## EXERCISE GOAL
Look through the lines below for the word "then", and copy every line that has it.

##############################

lemma summable_Ccoeff_powser:
  assumes "\<forall>n::int. x \<noteq> q powi n" "\<forall>n::int. inverse x \<noteq> q powi n"
  shows "summable (\<lambda>k. Ccoeff x q k * u ^ k)"
  using Ccoeff_Suc Ccoeff_ratio_tendsto_0[OF assms] by (rule powser_summable_of_ratio_tendsto_0)

lemma Cgen_q_difference:
  assumes "\<forall>n::int. x \<noteq> q powi n" "\<forall>n::int. inverse x \<noteq> q powi n"
  shows "Cgen x q (q\<^sup>2 * u) + Cgen x q u - (inverse x + x) * Cgen x q (q * u)
    = 1 - q * u * Cgen x q (q * u)"
proof -
  have "Ccoeff x q (Suc k) * ((1 - inverse x * q ^ Suc k) * (1 - x * q ^ Suc k))
      = - 1 * q ^ Suc k * Ccoeff x q k" for k
    using one_minus_mult_power_Suc_neq_0[OF assms(2) q(2)]
      one_minus_mult_power_Suc_neq_0[OF assms(1) q(2)]
    by (simp add: Ccoeff_Suc del: power_Suc)
  note diff = powser_q_difference[OF summable_Ccoeff_powser[OF assms] this, of u]
  have "x \<noteq> 1"
    using assms(1) by (metis power_int_0_right)
  then have "1 - inverse x \<noteq> 0" "1 - x \<noteq> 0"
    using x by (auto simp: field_simps)
  then have "Ccoeff x q 0 * (1 - inverse x) * (1 - x) = 1"
    by (simp add: Ccoeff_def qpoch_def)
  with diff x show ?thesis unfolding Cgen_def[symmetric] by simp
qed

lemma Aser_eq_Agen:
  assumes "\<forall>n::int. x\<^sup>2 \<noteq> q powi n"
  shows "Aser m x q = x powi m * Agen x q (q powi m)"
  unfolding Aser_eq_suminf_Acoeff[OF x q(2)] Agen_def
  using suminf_mult[OF summable_Acoeff_powser[OF assms]] by simp

lemma Aser_recurrence:
  assumes "\<forall>n::int. x\<^sup>2 \<noteq> q powi n"
  shows "Aser (m + 2) x q = (inverse x + x - q powi m * q) * Aser (m + 1) x q - Aser m x q"
proof -
  have powers: "q powi (m + 1) = q * q powi m" "q powi (m + 2) = q\<^sup>2 * q powi m"
    "x powi (m + 1) = x powi m * x" "x powi (m + 2) = x powi m * x\<^sup>2"
    using q x by (simp_all add: power_int_add mult.commute)
  have "x * x powi m * (x\<^sup>2 * Agen x q (q\<^sup>2 * q powi m) + Agen x q (q powi m)
      - (1 + x\<^sup>2) * Agen x q (q * q powi m))
    = x * x powi m * (- x * q * q powi m * Agen x q (q * q powi m))"
    using Agen_q_difference[OF assms, of "q powi m"] by simp
  then show ?thesis
    using x unfolding Aser_eq_Agen[OF assms] powers by (simp add: field_simps power2_eq_square)
qed

lemma Cser_recurrence:
  assumes "\<forall>n::int. x \<noteq> q powi n" "\<forall>n::int. inverse x \<noteq> q powi n"
  shows "Cser (m + 2) x q = 1 - Cser m x q + (inverse x + x - q powi m * q) * Cser (m + 1) x q"
proof -
  have powers: "q powi (m + 1) = q * q powi m" "q powi (m + 2) = q\<^sup>2 * q powi m"
    using q by (simp_all add: power_int_add mult.commute)
  show ?thesis
    using Cgen_q_difference[OF assms, of "q powi m"]
    unfolding Cser_eq_Cgen[OF q(2)] powers by (simp add: algebra_simps)
qed

end

lemma Bser_recurrence:
  assumes "norm q \<noteq> 1" "q \<noteq> 0" "x \<noteq> 0" "\<forall>n::int. inverse x ^ 2 \<noteq> q powi n"
  shows "Bser (m + 2) x q = (inverse x + x - q powi m * q) * Bser (m + 1) x q - Bser m x q"
  using Aser_recurrence[of q "inverse x" m] assms by (simp add: Bser_def add.commute)

lemma Acoeff_inverse_q:
  assumes "x \<noteq> 0" "q \<noteq> 0"
  shows "Acoeff x (inverse q) k = Acoeff (inverse x) q k"
proof -
  have qpoch_q: "qpoch (inverse q) (inverse q) k = (- 1) ^ k * inverse q ^ (k * (k + 1) div 2) * qpoch q q k"
    using qpoch_inverse_base[of 1 q k] assms by simp
  have qpoch_x2: "qpoch (x\<^sup>2 * inverse q) (inverse q) k
      = (- 1) ^ k * (x ^ k * x ^ k) * inverse q ^ (k * (k + 1) div 2) * qpoch (inverse x ^ 2 * q) q k"
    using qpoch_inverse_base[of "x\<^sup>2" q k] assms
    by (simp add: power_inverse power2_eq_square power_mult_distrib power_minus')
  show ?thesis unfolding Acoeff_def qpoch_q qpoch_x2 using assms
    by (simp add: field_simps power_inverse power_mult_distrib power2_eq_square)
qed

lemma Ccoeff_inverse_q:
  assumes "x \<noteq> 0" "q \<noteq> 0"
  shows "Ccoeff x (inverse q) k = Ccoeff x q k"
proof -
  have unit: "(- inverse x) ^ Suc k * (- x) ^ Suc k = 1"
    using assms by (simp add: power_mult_distrib[symmetric] del: power_Suc)
  have "qpoch (inverse x) (inverse q) (Suc k) * qpoch x (inverse q) (Suc k)
      = ((- inverse x) ^ Suc k * (- x) ^ Suc k) * (inverse q ^ (k * (k + 1) div 2))\<^sup>2
        * (qpoch (inverse x) q (Suc k) * qpoch x q (Suc k))"
    using qpoch_inverse_base_Suc[of "inverse x" q k] qpoch_inverse_base_Suc[of x q k] assms
    by (simp add: power2_eq_square mult_ac del: power_Suc)
  also have "\<dots> = (inverse q ^ (k * (k + 1) div 2))\<^sup>2 * (qpoch (inverse x) q (Suc k) * qpoch x q (Suc k))"
    unfolding unit by simp
  finally have denominator: "qpoch (inverse x) (inverse q) (Suc k) * qpoch x (inverse q) (Suc k)
      = (inverse q ^ (k * (k + 1) div 2))\<^sup>2 * (qpoch (inverse x) q (Suc k) * qpoch x q (Suc k))" .
  show ?thesis
    unfolding Ccoeff_def Suc_eq_plus1[symmetric] denominator using assms
    by (simp add: field_simps power_inverse power2_eq_square power_mult_distrib del: power_Suc)
qed

lemma Aser_inverse_q:
  assumes "x \<noteq> 0" "q \<noteq> 0"
  shows "Aser m x (inverse q) = Bser (- m) x q"
  using assms
  by (simp add: Aser_eq_suminf_Acoeff Bser_def Acoeff_inverse_q power_int_minus power_int_inverse)

lemma Bser_inverse_q:
  assumes "x \<noteq> 0" "q \<noteq> 0"
  shows "Bser m x (inverse q) = Aser (- m) x q"
  using Aser_inverse_q[of "inverse x" q m] assms by (simp add: Bser_def)

lemma Cser_inverse_q:
  assumes "x \<noteq> 0" "q \<noteq> 0"
  shows "Cser m x (inverse q) = Cser (- m) x q"
  using assms by (simp add: Cser_eq_suminf_Ccoeff Ccoeff_inverse_q power_int_minus power_int_inverse)

lemma int_shift_invariant_const:
  fixes f :: "int \<Rightarrow> 'a"
  assumes "\<And>i. f (i + 1) = f i"
  shows "f i = f 0"
proof (induction i rule: int_induct[where k=0])
  case (step2 i)
  then show ?case using assms[of "i - 1"] by simp
qed (use assms in simp_all)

##############################

## FINISHED EXERCISE
  then have "1 - inverse x \<noteq> 0" "1 - x \<noteq> 0"
  then have "Ccoeff x q 0 * (1 - inverse x) * (1 - x) = 1"
  then show ?thesis
  then show ?case using assms[of "i - 1"] by simp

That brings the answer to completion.